Dean Prezky owned three properties to the west of Joanna’s property, totalling about one hundred and thirty acres. He was a strapping young man in his mid-thirties with dark black hair, powerful chest and arms and a deep tan from the days he spent working outdoors as a carpenter. He had built a rustic house, complete with solar panels that powered his property for ten months and in the two coldest months he used a diesel generator. A water well had provided fresh drinking water since 1920 but Dean also installed two ten-thousand-litre water tanks that caught rain for use in the house, allowing him to use the well as a reserve. There were five dams on the properties and Dean and the kids used one as a swimming hole. Like Joanna, he too had bought rich black soil - but in far greater quantities - and had used it to build a large fruit and vegetable garden to make his family self-sufficient. He craved privacy and his goal was to buy the adjoining properties until he owned around five hundred acres, which he reasoned would finally put enough space between him and the outside world.

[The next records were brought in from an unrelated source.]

(* Let $(V,m)$ be a discrete measure space, $(b,c)$ a graph over $(V,m)$, and let $Q$ with domain $D$ satisfy condition (C) with respect to $(b,c)$ (so $D\subseteq\widetilde F$). Then for $u\in D$ the following are equivalent: (i) $(\widetilde L+1)u=0$; (ii) $u$ is orthogonal to $D(Q^{(D)})$ with respect to $\langle\cdot,\cdot\rangle_Q$. Consequently, the Hilbert space $(D,\langle\cdot,\cdot\rangle_Q)$ is the orthogonal sum $D=D(Q^{(D)})\oplus\mathcal H^{(Q)}$, where $\mathcal H^{(Q)}=\{u\in D:(\widetilde L+1)u=0\}$.
   Context: $V$ is a finite or countably infinite set and $m:V\to(0,\infty)$; $(V,m)$ is a discrete measure space. $C(V)$ is the set of all functions $V\to\mathbb C$, $C_c(V)$ the finitely supported ones, and $\ell^2(V,m)$ carries $\langle u,v\rangle=\sum_x u(x)\overline{v(x)}m(x)$. A graph over $(V,m)$ is a pair $(b,c)$ with $c:V\to[0,\infty)$, $b:V\times V\to[0,\infty)$, $b(x,x)=0$, $b(x,y)=b(y,x)$, $\sum_y b(x,y)<\infty$. Let $\widetilde F=\{u\in C(V):\sum_y|b(x,y)u(y)|<\infty\ \forall x\}$ and $\widetilde L u(x)=\frac{1}{m(x)}\sum_y b(x,y)(u(x)-u(y))+\frac{c(x)}{m(x)}u(x)$ for $u\in\widetilde F$. $Q^{(N)}$ is the form on $\ell^2(V,m)$ with domain $D(Q^{(N)})=\{u\in\ell^2(V,m):\frac12\sum_{x,y}b(x,y)|u(x)-u(y)|^2+\sum_x c(x)|u(x)|^2<\infty\}$ and $Q^{(N)}(u,v)=\frac12\sum_{x,y}b(x,y)(u(x)-u(y))\overline{(v(x)-v(y))}+\sum_x c(x)u(x)\overline{v(x)}$; it is non-negative, symmetric and closed. $Q^{(D)}$ is the closure of the restriction of $Q^{(N)}$ to $C_c(V)$. For a closed non-negative form $Q$, $\langle u,v\rangle_Q=Q(u,v)+\langle u,v\rangle$ on $D(Q)$. A symmetric form $Q$ on $\ell^2(V,m)$ with domain $D$ satisfies condition (C) w.r.t. $(b,c)$ if: (C0) $Q$ is non-negative and closed; (C1) $C_c(V)\subseteq D$; (C2) for all $u\in D$ and $v\in C_c(V)$ the sum $\sum_x u(x)\overline{\widetilde L v(x)}m(x)$ converges absolutely and equals $Q(u,v)$. *)

theory Defs
  imports "HOL-Analysis.Analysis"
begin

text \<open>Discrete measure space: vertex type 'v of class countable (finite or countably
infinite), measure m with m x > 0. Functions V -> C are 'v \<Rightarrow> complex.\<close>

definition l2 :: "('v \<Rightarrow> real) \<Rightarrow> ('v \<Rightarrow> complex) set" where
  "l2 m = {u. (\<lambda>x. (cmod (u x))\<^sup>2 * m x) summable_on UNIV}"

definition ip :: "('v \<Rightarrow> real) \<Rightarrow> ('v \<Rightarrow> complex) \<Rightarrow> ('v \<Rightarrow> complex) \<Rightarrow> complex" where
  "ip m u v = (\<Sum>\<^sub>\<infinity>x. u x * cnj (v x) * complex_of_real (m x))"

definition Cc :: "('v \<Rightarrow> complex) set" where
  "Cc = {u. finite {x. u x \<noteq> 0}}"

definition is_graph :: "('v \<Rightarrow> 'v \<Rightarrow> real) \<Rightarrow> ('v \<Rightarrow> real) \<Rightarrow> bool" where
  "is_graph b c \<longleftrightarrow> (\<forall>x. c x \<ge> 0) \<and> (\<forall>x y. b x y \<ge> 0) \<and> (\<forall>x. b x x = 0)
     \<and> (\<forall>x y. b x y = b y x) \<and> (\<forall>x. (\<lambda>y. b x y) summable_on UNIV)"

definition Ftilde :: "('v \<Rightarrow> 'v \<Rightarrow> real) \<Rightarrow> ('v \<Rightarrow> complex) set" where
  "Ftilde b = {u. \<forall>x. (\<lambda>y. cmod (complex_of_real (b x y) * u y)) summable_on UNIV}"

definition Ltilde :: "('v \<Rightarrow> 'v \<Rightarrow> real) \<Rightarrow> ('v \<Rightarrow> real) \<Rightarrow> ('v \<Rightarrow> real)
    \<Rightarrow> ('v \<Rightarrow> complex) \<Rightarrow> 'v \<Rightarrow> complex" where
  "Ltilde b c m u x =
     (\<Sum>\<^sub>\<infinity>y. complex_of_real (b x y) * (u x - u y)) / complex_of_real (m x)
     + complex_of_real (c x / m x) * u x"

definition qnorm :: "('v \<Rightarrow> real) \<Rightarrow> (('v \<Rightarrow> complex) \<Rightarrow> ('v \<Rightarrow> complex) \<Rightarrow> complex)
    \<Rightarrow> ('v \<Rightarrow> complex) \<Rightarrow> real" where
  "qnorm m Q u = sqrt (Re (Q u u + ip m u u))"

definition is_sym_form :: "('v \<Rightarrow> real) \<Rightarrow> ('v \<Rightarrow> complex) set
    \<Rightarrow> (('v \<Rightarrow> complex) \<Rightarrow> ('v \<Rightarrow> complex) \<Rightarrow> complex) \<Rightarrow> bool" where
  "is_sym_form m D Q \<longleftrightarrow> D \<subseteq> l2 m \<and> (\<lambda>x. 0) \<in> D
     \<and> (\<forall>u\<in>D. \<forall>v\<in>D. (\<lambda>x. u x + v x) \<in> D)
     \<and> (\<forall>a. \<forall>u\<in>D. (\<lambda>x. a * u x) \<in> D)
     \<and> (\<forall>u\<in>D. \<forall>v\<in>D. \<forall>w\<in>D. Q (\<lambda>x. u x + v x) w = Q u w + Q v w)
     \<and> (\<forall>a. \<forall>u\<in>D. \<forall>w\<in>D. Q (\<lambda>x. a * u x) w = a * Q u w)
     \<and> (\<forall>u\<in>D. \<forall>v\<in>D. Q u v = cnj (Q v u))"

definition nonneg_form :: "('v \<Rightarrow> complex) set
    \<Rightarrow> (('v \<Rightarrow> complex) \<Rightarrow> ('v \<Rightarrow> complex) \<Rightarrow> complex) \<Rightarrow> bool" where
  "nonneg_form D Q \<longleftrightarrow> (\<forall>u\<in>D. 0 \<le> Re (Q u u))"

definition closed_form :: "('v \<Rightarrow> real) \<Rightarrow> ('v \<Rightarrow> complex) set
    \<Rightarrow> (('v \<Rightarrow> complex) \<Rightarrow> ('v \<Rightarrow> complex) \<Rightarrow> complex) \<Rightarrow> bool" where
  "closed_form m D Q \<longleftrightarrow> (\<forall>s. (\<forall>n. s n \<in> D) \<and>
       (\<forall>e>0. \<exists>N. \<forall>n\<ge>N. \<forall>k\<ge>N. qnorm m Q (\<lambda>x. s n x - s k x) < e)
     \<longrightarrow> (\<exists>u\<in>D. (\<lambda>n. qnorm m Q (\<lambda>x. s n x - u x)) \<longlonglongrightarrow> 0))"

definition condC :: "('v \<Rightarrow> 'v \<Rightarrow> real) \<Rightarrow> ('v \<Rightarrow> real) \<Rightarrow> ('v \<Rightarrow> real)
    \<Rightarrow> ('v \<Rightarrow> complex) set \<Rightarrow> (('v \<Rightarrow> complex) \<Rightarrow> ('v \<Rightarrow> complex) \<Rightarrow> complex) \<Rightarrow> bool" where
  "condC b c m D Q \<longleftrightarrow> is_sym_form m D Q \<and> nonneg_form D Q \<and> closed_form m D Q
     \<and> Cc \<subseteq> D
     \<and> (\<forall>u\<in>D. \<forall>v\<in>Cc.
          (\<lambda>x. cmod (u x * cnj (Ltilde b c m v x) * complex_of_real (m x))) summable_on UNIV
          \<and> (\<Sum>\<^sub>\<infinity>x. u x * cnj (Ltilde b c m v x) * complex_of_real (m x)) = Q u v)"

definition DN :: "('v \<Rightarrow> 'v \<Rightarrow> real) \<Rightarrow> ('v \<Rightarrow> real) \<Rightarrow> ('v \<Rightarrow> real) \<Rightarrow> ('v \<Rightarrow> complex) set" where
  "DN b c m = {u \<in> l2 m. (\<lambda>(x,y). b x y * (cmod (u x - u y))\<^sup>2) summable_on UNIV
                        \<and> (\<lambda>x. c x * (cmod (u x))\<^sup>2) summable_on UNIV}"

definition QN :: "('v \<Rightarrow> 'v \<Rightarrow> real) \<Rightarrow> ('v \<Rightarrow> real)
    \<Rightarrow> ('v \<Rightarrow> complex) \<Rightarrow> ('v \<Rightarrow> complex) \<Rightarrow> complex" where
  "QN b c u v = (1/2) * (\<Sum>\<^sub>\<infinity>(x,y). complex_of_real (b x y) * (u x - u y) * cnj (v x - v y))
               + (\<Sum>\<^sub>\<infinity>x. complex_of_real (c x) * u x * cnj (v x))"

text \<open>Domain of Q^(D): closure of Cc in D(Q^(N)) w.r.t. the Q^(N)-form norm
  (the domain of the closure of Q^(N) restricted to Cc).\<close>
definition DQD :: "('v \<Rightarrow> 'v \<Rightarrow> real) \<Rightarrow> ('v \<Rightarrow> real) \<Rightarrow> ('v \<Rightarrow> real) \<Rightarrow> ('v \<Rightarrow> complex) set" where
  "DQD b c m = {u \<in> DN b c m. \<exists>phi. (\<forall>n. phi n \<in> Cc) \<and>
        (\<lambda>n. qnorm m (QN b c) (\<lambda>x. phi n x - u x)) \<longlonglongrightarrow> 0}"

definition qip :: "('v \<Rightarrow> real) \<Rightarrow> (('v \<Rightarrow> complex) \<Rightarrow> ('v \<Rightarrow> complex) \<Rightarrow> complex)
    \<Rightarrow> ('v \<Rightarrow> complex) \<Rightarrow> ('v \<Rightarrow> complex) \<Rightarrow> complex" where
  "qip m Q u v = Q u v + ip m u v"

definition Hsp :: "('v \<Rightarrow> 'v \<Rightarrow> real) \<Rightarrow> ('v \<Rightarrow> real) \<Rightarrow> ('v \<Rightarrow> real)
    \<Rightarrow> ('v \<Rightarrow> complex) set \<Rightarrow> ('v \<Rightarrow> complex) set" where
  "Hsp b c m D = {u \<in> D. \<forall>x. Ltilde b c m u x + u x = 0}"

end

theory Submission
  imports Defs
begin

When Dean complained to Frank Beck about the bright lights on the well-pads on Joanna’s property, he was met with profuse apologies and assurances that they would be repositioned so as not to shine into the windows of his house. Dean wasn’t someone to stand in the way of progress and during the conversation with Beck he agreed to let Filliburton access his properties during the day to transfer materials and speed up the completion of work. He’d heard stories about how the gas wells would change life in the valley for the worse but he had ignored them, guessing that it was just the whining of a few millionaires trying to shield their hobby vineyards and horse studs. He had little sympathy for the Fisher Valley Protective Alliance and believed that the gas companies might one day provide his children with jobs.